Hey you said on MY second picture the length would be calculated by adding 15+3+.75=18.75 Where did you get the 3" and .75" from. I know why you calculated 15 inches, because it is the actual length of the port, but i dont see why you added in 3 and .75 inches. Could you further explain that please

here is your image modified to help you understand it a bit better.

the values that i give you are assuming that the red line is 3", because you didnt provide any values for it. but you can go as small as 1.5" for the red line because the port is open on both ends which will still provide the proper port area for the port. any less and you will change the characteristics of the port.

so the math would be 15" + 1.5" + 1.5" + .75"=18.75"

And on this one

http://www.putfile.com/pic.php?img=3305668

You would basically just have to calculate one side of the "T" port" so on that diagram you would just do 10.25+5.75+1 (cuz that is half of the width [2"]) or would you do 10.25+5.75+2 because the width of the "T" port is really 4 inches?

for the end correction of my T port drawin. it would be 10.25+5.75+1, only if you taken into account the K factor before you made the drawing. you would calculate the port length and then add 1" to the physical length of the port to get the perceived length of the port.

now if you are designing the port then once you calculate the port length you would take the 1" "on a 2" wide port" from the length of the port, to properly account for the K factor "port end correction".

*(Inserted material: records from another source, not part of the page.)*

lemma Phi3_term_summable:
  assumes q: "norm q < 1" and x: "norm x < 1" and y: "norm y < 1" and c: "\<And>j. c * q ^ j \<noteq> 1"
  shows "Phi3_term q a a' b b' c x y summable_on UNIV"
proof -
  obtain Ka where Ka: "\<And>m. norm (qpoch a q m) \<le> Ka"
    using Bseq_qpoch[OF q] by (auto simp: Bseq_def)
  obtain Ka' where Ka': "\<And>m. norm (qpoch a' q m) \<le> Ka'"
    using Bseq_qpoch[OF q] by (auto simp: Bseq_def)
  obtain Kb where Kb: "\<And>m. norm (qpoch b q m) \<le> Kb"
    using Bseq_qpoch[OF q] by (auto simp: Bseq_def)
  obtain Kb' where Kb': "\<And>m. norm (qpoch b' q m) \<le> Kb'"
    using Bseq_qpoch[OF q] by (auto simp: Bseq_def)
  obtain Kq where Kq: "\<And>m. norm (1 / qpoch q q m) \<le> Kq"
    using Bseq_inverse_qpoch[OF q mult_power_neq_one[OF q]] by (auto simp: Bseq_def)
  obtain Kc where Kc: "\<And>m. norm (1 / qpoch c q m) \<le> Kc"
    using Bseq_inverse_qpoch[OF q c] by (auto simp: Bseq_def)
  define K where "K = Ka * Ka' * Kb * Kb' * Kq * Kq * Kc"
  define g where "g = (\<lambda>(i, j). K * (norm x ^ i * norm y ^ j))"
  have g_summable: "g summable_on UNIV"
    using summable_on_cmult_right[OF summable_on_geometric_pairs[of "norm x" "norm y"], of K] x y
    by (simp add: g_def case_prod_unfold)
  have bound: "norm (Phi3_term q a a' b b' c x y p) \<le> g p" for p
  proof -
    obtain i j where p: "p = (i, j)"
      by fastforce
    have "Phi3_term q a a' b b' c x y p = qpoch a q i * qpoch a' q j * qpoch b q i * qpoch b' q j
        * (1 / qpoch q q i) * (1 / qpoch q q j) * (1 / qpoch c q (i + j)) * x ^ i * y ^ j"
      by (simp add: Phi3_term_def p)
    also have "norm \<dots> \<le> Ka * Ka' * Kb * Kb' * Kq * Kq * Kc * norm x ^ i * norm y ^ j"
      unfolding norm_mult norm_power by (intro mult_mono') (simp_all add: Ka Ka' Kb Kb' Kq Kc)
    also have "\<dots> = g p"
      by (simp add: g_def K_def p ac_simps)
    finally show ?thesis .
  qed
  have "(\<lambda>p. norm (Phi3_term q a a' b b' c x y p)) summable_on UNIV"
    by (rule summable_on_comparison_test[OF g_summable]) (simp_all add: bound)
  then show ?thesis
    by (rule abs_summable_summable)
qed
lemma wf_induced: "wf_sgraph G \<Longrightarrow> T \<subseteq> verts G \<Longrightarrow> wf_sgraph (induced G T)"
  unfolding wf_sgraph_def by (auto intro: finite_subset)

lemma sequiv_via_induced:
  assumes f: "sequiv_via f S G H" and T: "T \<subseteq> verts G"
  shows "sequiv_via f (S \<inter> T) (induced G T) (induced H (f ` T))"
proof -
  note b = sequiv_viaD(1)[OF f]
  have "bij_betw f T (f ` T)"
    using inj_on_subset[OF bij_betw_imp_inj_on[OF b] T] by (rule inj_on_imp_bij_betw)
  moreover have "(u, v) \<in> arcs G \<inter> T \<times> T \<longleftrightarrow> (f u, f v) \<in> arcs H \<inter> f ` T \<times> f ` T"
    if "u \<in> T" "v \<in> T" for u v
    using sequiv_viaD(3)[OF f] that T by blast
  moreover have "switch_sign (S \<inter> T) u v = switch_sign S u v" if "u \<in> T" "v \<in> T" for u v
    using that unfolding switch_sign_def by auto
  ultimately show ?thesis
    unfolding sequiv_via_def using sequiv_viaD(4)[OF f] by auto
qed

text \<open>The factors in the definition of \<open>s_prime\<close> live in \<open>nat sgraph\<close>, so
  every finite signed graph needs a copy with natural-number vertices.\<close>

definition rename_sgraph :: "('a \<Rightarrow> 'b) \<Rightarrow> 'a sgraph \<Rightarrow> 'b sgraph" where
  "rename_sgraph h G = \<lparr> verts = h ` verts G, arcs = map_prod h h ` arcs G,
     sgn = (\<lambda>x y. sgn G (inv_into (verts G) h x) (inv_into (verts G) h y)) \<rparr>"

lemma rename_sgraph_via:
  assumes h: "inj_on h (verts G)" and G: "wf_sgraph G"
  shows "sequiv_via h {} G (rename_sgraph h G)"
proof (rule sequiv_via_emptyI)
  show "bij_betw h (verts G) (verts (rename_sgraph h G))"
    using h by (simp add: rename_sgraph_def bij_betw_def)
  show "(u, v) \<in> arcs G \<longleftrightarrow> (h u, h v) \<in> arcs (rename_sgraph h G)"
    if uv: "u \<in> verts G" "v \<in> verts G" for u v
  proof
    assume "(h u, h v) \<in> arcs (rename_sgraph h G)"
    then obtain u' v' where a: "(u', v') \<in> arcs G" "h u = h u'" "h v = h v'"
      by (auto simp: rename_sgraph_def)
    have "u = u'" "v = v'"
      using a uv h wf_sgraph_arc_verts[OF G a(1)] by (auto dest: inj_onD)
    with a show "(u, v) \<in> arcs G" by simp
  qed (force simp: rename_sgraph_def)
  show "sgn (rename_sgraph h G) (h u) (h v) = sgn G u v" if "(u, v) \<in> arcs G" for u v
    using wf_sgraph_arc_verts[OF G that] h by (simp add: rename_sgraph_def)
qed

lemma ex_nat_copy:
  assumes G: "wf_sgraph G"
  obtains H :: "nat sgraph" and h where "wf_sgraph H" "sequiv_via h {} G H" "card (verts H) = card (verts G)"
proof -
  have "finite (verts G)" using G unfolding wf_sgraph_def by blast
  then obtain h :: "_ \<Rightarrow> nat" where b: "bij_betw h (verts G) {0..<card (verts G)}"
    using ex_bij_betw_finite_nat by blast
  have h: "inj_on h (verts G)" using bij_betw_imp_inj_on[OF b] .
  have "closed_sgraph (rename_sgraph h G)"
    using wf_sgraph_closed[OF G] unfolding closed_sgraph_def rename_sgraph_def by auto
  moreover have "card (verts (rename_sgraph h G)) = card (verts G)"
    using h by (simp add: rename_sgraph_def card_image)
  ultimately show thesis
    using that wf_sgraph_via[OF G rename_sgraph_via[OF h G]] rename_sgraph_via[OF h G] by blast
qed

section \<open>Cartesian products\<close>

lemma sprod_verts [simp]: "verts (sprod H K) = verts H \<times> verts K"
  by (simp add: sprod_def)

lemma sprod_arcs:
  "((a, r), (b, s)) \<in> arcs (sprod H K) \<longleftrightarrow>
     (a = b \<and> a \<in> verts H \<and> (r, s) \<in> arcs K) \<or> ((a, b) \<in> arcs H \<and> r = s \<and> r \<in> verts K)"
  by (simp add: sprod_def) blast

lemma sprod_sgn: "sgn (sprod H K) (a, r) (b, s) = (if a = b then sgn K r s else sgn H a b)"
  by (simp add: sprod_def)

So to recall, so i feal assured on this, on MY first diagram, the T port with a wood board down teh middle to seperate the two ports, to calculate the length you would add 12+7+1.5(because that is half of 3,the width)

about your T port. my drawing is a true T port "no baffle separating each port". your drawing is not a T port, but two L shaped ports back to back, so you would calculate your T port length and width of the port at the end of the port, just like you would for a regular L shaped port. and 12+7+1.5 is incorrect. assuming that the port end is 3" from the nearest wall and 3" wide. it would be: 12" + 7" + 1.5" + 1.5" + .75 + 1.5"= 24.25" of perceived port length

when you draw your port you don't draw the port with port end correction, because port end correction is a perceived length. its not the physical length of the port. you draw the physical length of the port. the same way it would be built.

And also on your second diagram, the "L" port

http://www.putfile.com/pic.php?img=3305715

To calculate that length you would add 21.25+18.75+2 (half of the width)

yes to figured the perceived length of the port you would add 21.25+18.75+2 (half of the width) that will get you the perceived length, so you can find the tuning of the port. when you draw your port or build the enclosure. your port should look just like on the drawing.

well i hope that helped clear it up for you.

if not then ask away.

 

[PowerNaudio 10+ year member]

oh btw, i used scketchUP for both drawings then i modified them a bit with adobe photoshop.

 

[Texas Tech 10+ year member]

okay i am going to put all the diagrams into my paint program (so just a top view) and i will say the Effective Port Length, The Physical Port length, the port area, and how i calculated all of it. Thanks for the help and i will look later at the replies because i cant view the images because i am at school so when i get home i will look at the replies and ask some questions i might have

Thanks for your willingness to help me out

 

[Texas Tech 10+ year member]

oh, and the reason i am so interested in how to find the effective or percieved port length is because i am trying to put everything together to find out tuning frequencies of an enclosure.I will reply on the previous posts tonight

thanks for everything

 

[Texas Tech 10+ year member]

15" + 1.5" + 1.5" + .75"=18.75"

Why did you add .75 though. For the thickness of the wood?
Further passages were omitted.